# Whats it for ??



## ngzcaz (Sep 6, 2008)

On a recently purchased 1054 tube frame tractor I have what looks like a spinner on the left wheel only ( when you are sitting on the tractor ) You cant spin it tight against the housing. The tighter you make it the more it tightens the wheel from spinning when both wheels are jacked off the ground. The more you pin it outwards the easier it is to spin the wheel. There is a circlip that prevents you from spinning it all the way off the threaded shaft.
What is it and what's it for ?


----------



## chrpmaster (May 5, 2004)

I think that is a locking differential so that if you need the traction you can lock both wheels together so one won't spin without the other. It makes it kind of hard to turn corners but it would be effective if you're going in a straight line. I have one on my Yanmar SCUT but it is a foot pedal you stomp on if one tire starts spinning. After I am out of the slick area I release the pedal. 

Andy


----------



## ngzcaz (Sep 6, 2008)

According to another guy who just happened by today for a visit, you are exactly right.

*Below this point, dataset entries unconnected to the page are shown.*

(* Let $S$ be a semigroup and let $a\in S$ be an idempotent such that $aSa\subseteq\operatorname{Reg}(S)$. Let $P=\{x\in Sa: x\,\mathscr L\,ax\}$, and let $\phi:P\to aSa$, $x\mapsto ax$. Then $\phi$ is a surjective homomorphism, and (i) $E(Sa)=E(aSa)\phi^{-1}$; (ii) $\mathbb E(Sa)=\mathbb E(aSa)\phi^{-1}$.
   Context: $Sa=\{xa:x\in S\}$ and $aSa=\{axa:x\in S\}$ (a monoid with identity $a$). $\operatorname{Reg}(S)$ is the set of regular elements of $S$. $\mathscr L$ is Green's $\mathscr L$-relation on $S$. For a semigroup $T$, $E(T)$ is its set of idempotents and $\mathbb E(T)=\langle E(T)\rangle$ is the subsemigroup generated by its idempotents. $\phi^{-1}$ denotes preimage. *)

theory Defs
  imports Main
begin

text \<open>The semigroup S is the ambient type 'a of class semigroup_mult.\<close>

definition regular_elems :: "'a::semigroup_mult set" where
  "regular_elems = {x. \<exists>y. x * y * x = x}"

text \<open>Green's L-relation: S^1 x = S^1 y.\<close>
definition green_L :: "'a::semigroup_mult \<Rightarrow> 'a \<Rightarrow> bool" where
  "green_L x y \<longleftrightarrow> (x = y \<or> (\<exists>s. x = s * y)) \<and> (y = x \<or> (\<exists>s. y = s * x))"

definition idems :: "'a::semigroup_mult set \<Rightarrow> 'a set" where
  "idems T = {e \<in> T. e * e = e}"

inductive_set sgp_gen :: "'a::semigroup_mult set \<Rightarrow> 'a set" for X where
  base: "x \<in> X \<Longrightarrow> x \<in> sgp_gen X"
| mult: "x \<in> sgp_gen X \<Longrightarrow> y \<in> sgp_gen X \<Longrightarrow> x * y \<in> sgp_gen X"

definition idem_gen :: "'a::semigroup_mult set \<Rightarrow> 'a set" where
  "idem_gen T = sgp_gen (idems T)"

definition left_ideal_at :: "'a::semigroup_mult \<Rightarrow> 'a set" where
  "left_ideal_at a = {x * a | x. True}"

definition local_monoid :: "'a::semigroup_mult \<Rightarrow> 'a set" where
  "local_monoid a = {a * x * a | x. True}"

end

theory Submission
  imports Defs
begin

text \<open>For \<open>x \<in> P\<close> the relation \<open>x \<L> ax\<close> means that \<open>x\<close> is a left multiple of \<open>ax\<close> (or equal
  to it), so every right identity of \<open>ax\<close> is one of \<open>x\<close>. Hence an idempotent \<open>ax\<close> forces \<open>x\<close> to
  be idempotent, which gives (i). For (ii), the image of a product of idempotents of \<open>Sa\<close>
  is a product of idempotents of \<open>aSa\<close>; conversely, if \<open>ax\<close> is a product of idempotents of
  \<open>aSa \<subseteq> Sa\<close> and \<open>ax y ax = ax\<close> by regularity, then \<open>x = (xya)(ax)\<close> with \<open>xya\<close> an
  idempotent of \<open>Sa\<close>.\<close>

definition L_domain :: "'a::semigroup_mult \<Rightarrow> 'a set" where
  "L_domain a = {x \<in> left_ideal_at a. green_L x (a * x)}"

lemma left_ideal_at_iff:
  fixes a :: "'a::semigroup_mult"
  assumes "a * a = a"
  shows "x \<in> left_ideal_at a \<longleftrightarrow> x * a = x"
proof
  assume "x \<in> left_ideal_at a"
  then obtain s where "x = s * a" by (auto simp: left_ideal_at_def)
  then show "x * a = x" using assms by (simp add: mult.assoc)
qed (auto simp: left_ideal_at_def intro: sym)

lemma local_monoid_iff:
  fixes a :: "'a::semigroup_mult"
  assumes "a * a = a"
  shows "x \<in> local_monoid a \<longleftrightarrow> x * a = x \<and> a * x = x"
proof
  assume "x \<in> local_monoid a"
  then obtain s where "x = a * s * a" by (auto simp: local_monoid_def)
  then show "x * a = x \<and> a * x = x" using assms by (metis mult.assoc)
next
  assume "x * a = x \<and> a * x = x"
  then have "x = a * x * a" by (simp add: mult.assoc)
  then show "x \<in> local_monoid a" unfolding local_monoid_def by blast
qed

lemma green_L_left_mult_iff:
  "green_L x (a * x) \<longleftrightarrow> x = a * x \<or> (\<exists>s. x = s * (a * x))"
  unfolding green_L_def by blast

lemma green_L_left_mult_mult_right:
  assumes "green_L x (a * x)"
  shows "green_L (x * y) (a * (x * y))"
  using assms unfolding green_L_left_mult_iff by (metis mult.assoc)

lemma green_L_left_mult_right_unit:
  assumes "green_L x (a * x)" and "a * x * u = a * x"
  shows "x * u = x"
  using assms unfolding green_L_left_mult_iff by (metis mult.assoc)

lemma mem_L_domain_iff:
  fixes a :: "'a::semigroup_mult"
  assumes "a * a = a"
  shows "x \<in> L_domain a \<longleftrightarrow> x * a = x \<and> green_L x (a * x)"
  by (simp add: L_domain_def left_ideal_at_iff[OF assms])

lemma L_domain_mult_closed:
  fixes a :: "'a::semigroup_mult"
  assumes "a * a = a" and "x \<in> L_domain a" and "y \<in> L_domain a"
  shows "x * y \<in> L_domain a"
  using assms green_L_left_mult_mult_right unfolding mem_L_domain_iff[OF assms(1)]
  by (metis mult.assoc)

lemma left_mult_hom_on_L_domain:
  fixes a :: "'a::semigroup_mult"
  assumes "a * a = a" and "x \<in> L_domain a"
  shows "a * (x * y) = (a * x) * (a * y)"
  using assms unfolding mem_L_domain_iff[OF assms(1)] by (metis mult.assoc)

lemma left_mult_image_L_domain:
  fixes a :: "'a::semigroup_mult"
  assumes "a * a = a"
  shows "(\<lambda>x. a * x) ` L_domain a = local_monoid a"
proof
  show "(\<lambda>x. a * x) ` L_domain a \<subseteq> local_monoid a"
    using assms by (auto simp: mem_L_domain_iff local_monoid_iff) (metis mult.assoc)+
  show "local_monoid a \<subseteq> (\<lambda>x. a * x) ` L_domain a"
  proof
    fix b assume "b \<in> local_monoid a"
    then have "b * a = b" "a * b = b" using local_monoid_iff[OF assms] by auto
    then have "b \<in> L_domain a" using assms by (simp add: mem_L_domain_iff green_L_def)
    with \<open>a * b = b\<close> show "b \<in> (\<lambda>x. a * x) ` L_domain a" by (metis image_eqI)
  qed
qed

lemma idems_local_monoid_subset:
  fixes a :: "'a::semigroup_mult"
  assumes "a * a = a"
  shows "idems (local_monoid a) \<subseteq> idems (left_ideal_at a)"
  by (auto simp: idems_def local_monoid_iff[OF assms] left_ideal_at_iff[OF assms])

lemma idems_left_ideal_at_eq:
  fixes a :: "'a::semigroup_mult"
  assumes "a * a = a"
  shows "idems (left_ideal_at a) = {x \<in> L_domain a. a * x \<in> idems (local_monoid a)}"
proof
  show "idems (left_ideal_at a) \<subseteq> {x \<in> L_domain a. a * x \<in> idems (local_monoid a)}"
  proof
    fix e assume "e \<in> idems (left_ideal_at a)"
    then have e: "e * a = e" "e * e = e" by (auto simp: idems_def left_ideal_at_iff[OF assms])
    then have "green_L e (a * e)" unfolding green_L_left_mult_iff by (metis mult.assoc)
    moreover have "a * e * a = a * e" "a * (a * e) = a * e" "a * e * (a * e) = a * e"
      using e assms by (metis mult.assoc)+
    ultimately show "e \<in> {x \<in> L_domain a. a * x \<in> idems (local_monoid a)}"
      using e by (auto simp: idems_def local_monoid_iff[OF assms] mem_L_domain_iff[OF assms])
  qed
  show "{x \<in> L_domain a. a * x \<in> idems (local_monoid a)} \<subseteq> idems (left_ideal_at a)"
  proof
    fix x assume "x \<in> {x \<in> L_domain a. a * x \<in> idems (local_monoid a)}"
    then have xa: "x * a = x" and L: "green_L x (a * x)" and "a * x * (a * x) = a * x"
      by (auto simp: idems_def mem_L_domain_iff[OF assms])
    then have "x * (a * x) = x" by (intro green_L_left_mult_right_unit[OF L])
    with xa have "x * x = x" by (metis mult.assoc)
    with xa show "x \<in> idems (left_ideal_at a)" by (simp add: idems_def left_ideal_at_iff[OF assms])
  qed
qed

lemma idempotent_factor_through_image:
  fixes a :: "'a::semigroup_mult"
  assumes "a * a = a" and "x * a = x" and "green_L x (a * x)" and "a * x * y * (a * x) = a * x"
  shows "x * y * a \<in> idems (left_ideal_at a)" and "x = (x * y * a) * (a * x)"
proof -
  have xyax: "x * (y * (a * x)) = x"
    using assms(4) by (intro green_L_left_mult_right_unit[OF assms(3)]) (simp add: mult.assoc)
  then have "(x * y * a) * (x * y * a) = x * y * a" by (metis mult.assoc)
  then show "x * y * a \<in> idems (left_ideal_at a)"
    using assms(1) by (simp add: idems_def left_ideal_at_iff mult.assoc)
  show "x = (x * y * a) * (a * x)" using xyax assms(1) by (metis mult.assoc)
qed

lemma sgp_gen_mono: "x \<in> sgp_gen X \<Longrightarrow> X \<subseteq> Y \<Longrightarrow> x \<in> sgp_gen Y"
  by (induction rule: sgp_gen.induct) (auto intro: sgp_gen.intros)

lemma sgp_gen_hom_image:
  assumes "z \<in> sgp_gen X" and "X \<subseteq> P" and "f ` X \<subseteq> Y"
    and "\<And>x y. x \<in> P \<Longrightarrow> y \<in> P \<Longrightarrow> x * y \<in> P"
    and "\<And>x y. x \<in> P \<Longrightarrow> y \<in> P \<Longrightarrow> f (x * y) = f x * f y"
  shows "z \<in> P \<and> f z \<in> sgp_gen Y"
  using assms(1) by induction (use assms(2-) in \<open>auto intro: sgp_gen.intros\<close>)

lemma idem_gen_left_ideal_at_eq:
  fixes a :: "'a::semigroup_mult"
  assumes "a * a = a" and "local_monoid a \<subseteq> regular_elems"
  shows "idem_gen (left_ideal_at a) = {x \<in> L_domain a. a * x \<in> idem_gen (local_monoid a)}"
proof
  show "idem_gen (left_ideal_at a) \<subseteq> {x \<in> L_domain a. a * x \<in> idem_gen (local_monoid a)}"
    using sgp_gen_hom_image[where f = "\<lambda>x. a * x" and P = "L_domain a"]
      idems_left_ideal_at_eq[OF assms(1)] L_domain_mult_closed[OF assms(1)]
      left_mult_hom_on_L_domain[OF assms(1)]
    by (auto simp: idem_gen_def)
  show "{x \<in> L_domain a. a * x \<in> idem_gen (local_monoid a)} \<subseteq> idem_gen (left_ideal_at a)"
  proof
    fix x assume "x \<in> {x \<in> L_domain a. a * x \<in> idem_gen (local_monoid a)}"
    then have xa: "x * a = x" and L: "green_L x (a * x)"
      and gen: "a * x \<in> sgp_gen (idems (left_ideal_at a))"
      using sgp_gen_mono idems_local_monoid_subset[OF assms(1)]
      by (auto simp: idem_gen_def mem_L_domain_iff[OF assms(1)])
    have "a * x \<in> local_monoid a"
      using xa assms(1) by (simp add: local_monoid_iff) (metis mult.assoc)
    then obtain y where "a * x * y * (a * x) = a * x"
      using assms(2) by (auto simp: regular_elems_def)
    note factor = idempotent_factor_through_image[OF assms(1) xa L this]
    have "(x * y * a) * (a * x) \<in> sgp_gen (idems (left_ideal_at a))"
      using factor(1) gen by (blast intro: sgp_gen.intros)
    with factor(2) show "x \<in> idem_gen (left_ideal_at a)" by (simp add: idem_gen_def)
  qed
qed

theorem theorem3p13:
  fixes a :: "'a::semigroup_mult"
  assumes "a * a = a"
    and "local_monoid a \<subseteq> regular_elems"
  defines "P \<equiv> {x \<in> left_ideal_at a. green_L x (a * x)}"
  shows "(\<forall>x\<in>P. \<forall>y\<in>P. x * y \<in> P)
    \<and> (\<forall>x\<in>P. \<forall>y\<in>P. a * (x * y) = (a * x) * (a * y))
    \<and> (\<lambda>x. a * x) ` P = local_monoid a
    \<and> idems (left_ideal_at a) = {x \<in> P. a * x \<in> idems (local_monoid a)}
    \<and> idem_gen (left_ideal_at a) = {x \<in> P. a * x \<in> idem_gen (local_monoid a)}"
proof -
  have "P = L_domain a" by (simp add: P_def L_domain_def)
  then show ?thesis
    using L_domain_mult_closed[OF assms(1)] left_mult_hom_on_L_domain[OF assms(1)]
      left_mult_image_L_domain[OF assms(1)] idems_left_ideal_at_eq[OF assms(1)]
      idem_gen_left_ideal_at_eq[OF assms(1,2)]
    by blast
qed

end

He had one and said the same thing. One down, a couple dozen to go as I come across them.. Thanks

NGZ


----------



## chrpmaster (May 5, 2004)

And my wife always wants me to quit wasting all this time on those tractor websites! Hang around and you too will pick up lots of useless information. 

Well I am glad it was useful for you. Keep us updated on your discoveries.

Andy


----------